EXERCISE DATA:
definition smallest_minimizer :: "(real \<Rightarrow> real) \<Rightarrow> real \<Rightarrow> bool" where
  "smallest_minimizer f x \<longleftrightarrow> (\<forall>y. f x \<le> f y) \<and> (\<forall>y. (\<forall>z. f y \<le> f z) \<longrightarrow> x \<le> y)"

end

theory Submission
  imports Defs
begin

text \<open>
  By convexity of the empirical criterion, the smallest minimiser of \<open>M\<^sub>k\<close> lies above \<open>t\<close> only if
  \<open>\<Sum>i<k. D\<^sup>+h(X\<^sub>i, t) < 0\<close>, and below \<open>t\<close> only if that sum is nonnegative. So the event that
  \<open>m\<^sub>k - m > x\<close> for some \<open>k \<ge> n\<close> is contained in the event that a random walk with i.i.d.
  increments in an interval of length \<open>b(x) - a(x)\<close> and mean \<open>-D\<^sup>+M(m + x) \<le> 0\<close> is
  nonnegative at some time \<open>k \<ge> n\<close>. Exponentially tilting the walk gives a nonnegative product
  of independent factors of mean at most one (Hoeffding's lemma), and Ville's maximal inequality for
  such products bounds the probability of the crossing by \<open>exp (-2 n D\<^sup>+M(m + x)\<^sup>2 / (b(x) - a(x))\<^sup>2)\<close>.
  Differentiation under the integral identifies the mean of the increments, and convexity of \<open>M\<close>
  provides the signs of \<open>D\<^sup>+M(m \<plusminus> x)\<close>.
\<close>

section \<open>One-sided derivatives of convex functions\<close>

lemma divide_diff_swap: "((a::real) - b) / (c - d) = (b - a) / (d - c)"
  by (metis minus_diff_eq minus_divide_divide)

lemma convex_on_slope_mono:
  fixes f :: "real \<Rightarrow> real"
  assumes f: "convex_on UNIV f" and "x < y" "u < v" "x \<le> u" "y \<le> v"
  shows "(f y - f x) / (y - x) \<le> (f v - f u) / (v - u)"
proof -
  have "(f y - f x) / (y - x) \<le> (f v - f x) / (v - x)"
    using convex_on_slope_le(1)[OF f _ _ \<open>x < y\<close>, of v] assms by (cases "y = v") (auto simp: divide_diff_swap[of "f x"])
  also have "\<dots> \<le> (f v - f u) / (v - u)"
    using convex_on_slope_le(2)[OF f _ _ _ \<open>u < v\<close>, of x] assms by (cases "x = u") (auto simp: divide_diff_swap[of _ "f v"])
  finally show ?thesis .
qed
(* For any two local decompositions $\Gamma_1,\Gamma_2$ (on the same bipartite system), $\phi(\Gamma_1\cdot\Gamma_2)\le\phi(\Gamma_1)\phi(\Gamma_2)$.
   Context: A local decomposition is a finite set $\Gamma=\{(c_i,V_i\otimes W_i):i\in[m]\}$ with $c_i\in\mathbb{R}$, $V_i\in\mathsf{U}(\mathcal{H}_A)$, $W_i\in\mathsf{U}(\mathcal{H}_B)$. Its magnitude is $\phi(\Gamma)=2\|c\|_1^2-\|c\|_2^2$, viewing $c=(c_i)_{i\in[m]}\in\mathbb{R}^m$. The product of $\Gamma_1=\{(a_i,V^{(1)}_i\otimes W^{(1)}_i):i\in[m_1]\}$ and $\Gamma_2=\{(b_j,V^{(2)}_j\otimes W^{(2)}_j):j\in[m_2]\}$ is $\Gamma_1\cdot\Gamma_2=\{(a_ib_j,V^{(1)}_iV^{(2)}_j\otimes W^{(1)}_iW^{(2)}_j):(i,j)\in[m_1]\times[m_2]\}$, with coefficient vector $(a_ib_j)_{(i,j)}$. *)

theory Defs
  imports "HOL-Analysis.Analysis"
begin

text \<open>Finite-dimensional Hilbert spaces H_A = complex^'a, H_B = complex^'b;
operators are square complex matrices.\<close>

definition cadjoint :: "complex^'n^'n \<Rightarrow> complex^'n^'n" where
  "cadjoint U = (\<chi> i j. cnj (U $ j $ i))"

definition unitary_mat :: "complex^'n^'n \<Rightarrow> bool" where
  "unitary_mat U \<longleftrightarrow> U ** cadjoint U = mat 1 \<and> cadjoint U ** U = mat 1"

text \<open>A local decomposition indexed by [m]: list of (c_i, V_i, W_i), term c_i V_i \<otimes> W_i.\<close>
type_synonym ('a,'b) local_decomp = "(real \<times> (complex^'a^'a) \<times> (complex^'b^'b)) list"

definition local_decomposition :: "('a::finite,'b::finite) local_decomp \<Rightarrow> bool" where
  "local_decomposition \<Gamma> \<longleftrightarrow> (\<forall>(c,V,W) \<in> set \<Gamma>. unitary_mat V \<and> unitary_mat W)"

definition coeffs :: "('a::finite,'b::finite) local_decomp \<Rightarrow> real list" where
  "coeffs \<Gamma> = map fst \<Gamma>"

definition magnitude :: "('a::finite,'b::finite) local_decomp \<Rightarrow> real" where
  "magnitude \<Gamma> = 2 * (\<Sum>c\<leftarrow>coeffs \<Gamma>. \<bar>c\<bar>)^2 - (\<Sum>c\<leftarrow>coeffs \<Gamma>. c^2)"

definition decomp_prod :: "('a::finite,'b::finite) local_decomp \<Rightarrow> ('a,'b) local_decomp \<Rightarrow> ('a,'b) local_decomp" where
  "decomp_prod \<Gamma>1 \<Gamma>2 = concat (map (\<lambda>(a,V1,W1). map (\<lambda>(b,V2,W2). (a*b, V1 ** V2, W1 ** W2)) \<Gamma>2) \<Gamma>1)"

end

theory Submission
  imports Defs
begin

text \<open>The coefficients of a product decomposition are all products \<open>a * b\<close>, so every
multiplicative statistic of the coefficients (here \<open>\<bar>c\<bar>\<close> and \<open>c\<^sup>2\<close>) factorises, giving
\<open>\<parallel>c\<parallel>\<^sub>1 = \<parallel>a\<parallel>\<^sub>1 \<parallel>b\<parallel>\<^sub>1\<close> and \<open>\<parallel>c\<parallel>\<^sub>2\<^sup>2 = \<parallel>a\<parallel>\<^sub>2\<^sup>2 \<parallel>b\<parallel>\<^sub>2\<^sup>2\<close>. With \<open>P = \<parallel>\<cdot>\<parallel>\<^sub>1\<^sup>2\<close> and \<open>Q = \<parallel>\<cdot>\<parallel>\<^sub>2\<^sup>2 \<le> P\<close> the claim
becomes \<open>2 P\<^sub>1 P\<^sub>2 - Q\<^sub>1 Q\<^sub>2 \<le> (2 P\<^sub>1 - Q\<^sub>1)(2 P\<^sub>2 - Q\<^sub>2)\<close>, whose difference is
\<open>2 (P\<^sub>1 - Q\<^sub>1)(P\<^sub>2 - Q\<^sub>2) \<ge> 0\<close>.\<close>

lemma coeffs_decomp_prod:
  "coeffs (decomp_prod \<Gamma>1 \<Gamma>2) = concat (map (\<lambda>a. map ((*) a) (coeffs \<Gamma>2)) (coeffs \<Gamma>1))"
  by (induction \<Gamma>1) (auto simp: coeffs_def decomp_prod_def case_prod_beta)

lemma sum_list_map_mult_pairs:
  fixes f :: "'a::semiring_0 \<Rightarrow> 'b::comm_semiring_0"
  assumes mult: "\<And>a b. f (a * b) = f a * f b"
  shows "(\<Sum>c\<leftarrow>concat (map (\<lambda>a. map ((*) a) ys) xs). f c)
         = (\<Sum>a\<leftarrow>xs. f a) * (\<Sum>b\<leftarrow>ys. f b)"
proof (induction xs)
  case Nil
  then show ?case by simp
next
  case (Cons x xs)
  have "(\<Sum>b\<leftarrow>ys. f (x * b)) = f x * (\<Sum>b\<leftarrow>ys. f b)"
    by (simp add: mult sum_list_const_mult)
  with Cons show ?case
    by (simp add: o_def distrib_right)
qed

lemma sum_list_coeffs_decomp_prod_mult:
  assumes "\<And>a b. f (a * b) = f a * f b"
  shows "(\<Sum>c\<leftarrow>coeffs (decomp_prod \<Gamma>1 \<Gamma>2). f c)
         = (\<Sum>c\<leftarrow>coeffs \<Gamma>1. f c) * (\<Sum>c\<leftarrow>coeffs \<Gamma>2. (f c :: real))"
  unfolding coeffs_decomp_prod using assms by (rule sum_list_map_mult_pairs)

lemma sum_list_squares_le_square_sum_abs:
  fixes xs :: "'a::linordered_idom list"
  shows "(\<Sum>c\<leftarrow>xs. c\<^sup>2) \<le> (\<Sum>c\<leftarrow>xs. \<bar>c\<bar>)\<^sup>2"
proof (induction xs)
  case Nil
  then show ?case by simp
next
  case (Cons x xs)
  have "0 \<le> \<bar>x\<bar> * (\<Sum>c\<leftarrow>xs. \<bar>c\<bar>)"
    by (intro mult_nonneg_nonneg abs_ge_zero sum_list_nonneg) auto
  with Cons show ?case
    by (simp add: power2_eq_square algebra_simps)
qed

lemma two_mult_minus_le_mult_two_minus:
  fixes P1 P2 Q1 Q2 :: "'a::linordered_idom"
  assumes "Q1 \<le> P1" and "Q2 \<le> P2"
  shows "2 * (P1 * P2) - Q1 * Q2 \<le> (2 * P1 - Q1) * (2 * P2 - Q2)"
proof -
  have "0 \<le> 2 * ((P1 - Q1) * (P2 - Q2))"
    using assms by simp
  then show ?thesis
    by (simp add: algebra_simps)
qed

theorem lemma2:
  fixes \<Gamma>1 \<Gamma>2 :: "('a::finite,'b::finite) local_decomp"
  assumes "local_decomposition \<Gamma>1" and "local_decomposition \<Gamma>2"
  shows "magnitude (decomp_prod \<Gamma>1 \<Gamma>2) \<le> magnitude \<Gamma>1 * magnitude \<Gamma>2"
proof -
  have l1: "(\<Sum>c\<leftarrow>coeffs (decomp_prod \<Gamma>1 \<Gamma>2). \<bar>c\<bar>)
            = (\<Sum>c\<leftarrow>coeffs \<Gamma>1. \<bar>c\<bar>) * (\<Sum>c\<leftarrow>coeffs \<Gamma>2. \<bar>c\<bar>)"
    by (rule sum_list_coeffs_decomp_prod_mult) (simp add: abs_mult)
  have l2: "(\<Sum>c\<leftarrow>coeffs (decomp_prod \<Gamma>1 \<Gamma>2). c\<^sup>2)
            = (\<Sum>c\<leftarrow>coeffs \<Gamma>1. c\<^sup>2) * (\<Sum>c\<leftarrow>coeffs \<Gamma>2. c\<^sup>2)"
    by (rule sum_list_coeffs_decomp_prod_mult) (simp add: power_mult_distrib)
  show ?thesis
    unfolding magnitude_def l1 l2 power_mult_distrib
    by (intro two_mult_minus_le_mult_two_minus sum_list_squares_le_square_sum_abs)
qed

end
(* Let $I\subseteq\mathfrak{M}$ be an ideal of $P$, let $Z=\{z_1,\dots,z_s\}$ be a set of $s\ge 1$ distinct indeterminates in $X$, and let $\sigma$ be a $Z$-separating term ordering for $I$. (a) The reduced $\sigma$-Gröbner basis of $I$ is a $Z$-separating $\sigma$-Gröbner basis of $I$. (b) Let $\{\frac1{c_1}f_1,\dots,\frac1{c_s}f_s,g_1,\dots,g_t\}$ be a $Z$-separating $\sigma$-Gröbner basis of $I$, and for $i=1,\dots,s$ let $h_i=\mathrm{NF}_{\hat\sigma,I\cap\widehat P}(\mathrm{tail}_{z_i}(f_i))$. Then the reduced $\sigma$-Gröbner basis of $I$ is $\{z_1-h_1,\dots,z_s-h_s,g_1,\dots,g_t\}$.
   Context: $K$ is a field, $P=K[x_1,\dots,x_n]$, $X=\{x_1,\dots,x_n\}$, $\mathfrak{M}=\langle x_1,\dots,x_n\rangle$, $\widehat P=K[X\setminus Z]$, $\hat\sigma$ the restriction of $\sigma$ to $\widehat P$, and $\mathrm{NF}_{\hat\sigma,J}(h)$ the normal form of $h$ modulo an ideal $J$ of $\widehat P$ with respect to $\hat\sigma$. For $f\in P$, $\mathrm{indets}(f)$ is the set of indeterminates dividing some term in the support of $f$. For $f\in\mathfrak{M}$ with nonzero degree-one part $\mathrm{Lin}_{\mathfrak{M}}(f)$, $z\in\mathrm{indets}(\mathrm{Lin}_{\mathfrak M}(f))$, and $c\neq 0$ the coefficient of $z$ in $f$, set $\mathrm{tail}_z(f)=z-\frac1cf$; $f$ is $z$-separating if $z\notin\mathrm{indets}(\mathrm{tail}_z(f))$. A tuple $(f_1,\dots,f_s)$ of nonzero elements of $\mathfrak M$ is coherently $Z$-separating if each $f_i$ is $z_i$-separating and $z_i\notin\mathrm{indets}(f_j)$ for $j\ne i$. A term ordering $\sigma$ is a $Z$-separating term ordering for $I$ if there are $f_1,\dots,f_s\in I\setminus\{0\}$ with $z_i=\mathrm{LT}_\sigma(f_i)$ and $(f_1,\dots,f_s)$ coherently $Z$-separating. For such $\sigma$, a $Z$-separating $\sigma$-Gröbner basis of $I$ is a $\sigma$-Gröbner basis of the form $\{\frac1{c_1}f_1,\dots,\frac1{c_s}f_s,g_1,\dots,g_t\}$ with $(f_1,\dots,f_s)$ coherently $Z$-separating, $c_i=\mathrm{LC}_\sigma(f_i)$, $z_i=\mathrm{LT}_\sigma(f_i)$, and $\{g_1,\dots,g_t\}$ the reduced $\hat\sigma$-Gröbner basis of $I\cap\widehat P$. *)

theory Defs
  imports "HOL-Library.Poly_Mapping"
begin

text \<open>Polynomial ring P = K[X]: indeterminates are the elements of a finite type 'x
  (so X = UNIV, n = CARD('x)); terms are finitely supported maps 'x to nat (exponent vectors);
  polynomials are finitely supported maps from terms to coefficients in the field K.\<close>

type_synonym 'x mon = "'x \<Rightarrow>\<^sub>0 nat"
type_synonym ('x, 'a) mpoly = "'x mon \<Rightarrow>\<^sub>0 'a"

TASK INSTRUCTIONS:
Filter the records above for "cases" and copy every matching line.

ANSWER TO THIS PROBLEM:
    using convex_on_slope_le(1)[OF f _ _ \<open>x < y\<close>, of v] assms by (cases "y = v") (auto simp: divide_diff_swap[of "f x"])
    using convex_on_slope_le(2)[OF f _ _ _ \<open>u < v\<close>, of x] assms by (cases "x = u") (auto simp: divide_diff_swap[of _ "f v"])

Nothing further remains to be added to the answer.